Segment Start: STUDY MATERIAL

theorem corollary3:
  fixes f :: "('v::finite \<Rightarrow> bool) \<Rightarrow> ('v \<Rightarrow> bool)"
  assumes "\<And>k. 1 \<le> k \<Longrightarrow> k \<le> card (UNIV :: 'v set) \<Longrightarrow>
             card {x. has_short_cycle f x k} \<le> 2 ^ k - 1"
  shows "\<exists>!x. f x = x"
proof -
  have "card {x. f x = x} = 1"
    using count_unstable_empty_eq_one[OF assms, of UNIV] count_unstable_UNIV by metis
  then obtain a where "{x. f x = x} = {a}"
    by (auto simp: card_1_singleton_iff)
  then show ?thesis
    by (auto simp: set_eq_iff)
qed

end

Segment End: STUDY MATERIAL

_EXERCISE AIM_. The goal is a faithful transcription of every entry above.

_WRITTEN RESPONSE_.
theorem corollary3:
  fixes f :: "('v::finite \<Rightarrow> bool) \<Rightarrow> ('v \<Rightarrow> bool)"
  assumes "\<And>k. 1 \<le> k \<Longrightarrow> k \<le> card (UNIV :: 'v set) \<Longrightarrow>
             card {x. has_short_cycle f x k} \<le> 2 ^ k - 1"
  shows "\<exists>!x. f x = x"
proof -
  have "card {x. f x = x} = 1"
    using count_unstable_empty_eq_one[OF assms, of UNIV] count_unstable_UNIV by metis
  then obtain a where "{x. f x = x} = {a}"
    by (auto simp: card_1_singleton_iff)
  then show ?thesis
    by (auto simp: set_eq_iff)
qed

end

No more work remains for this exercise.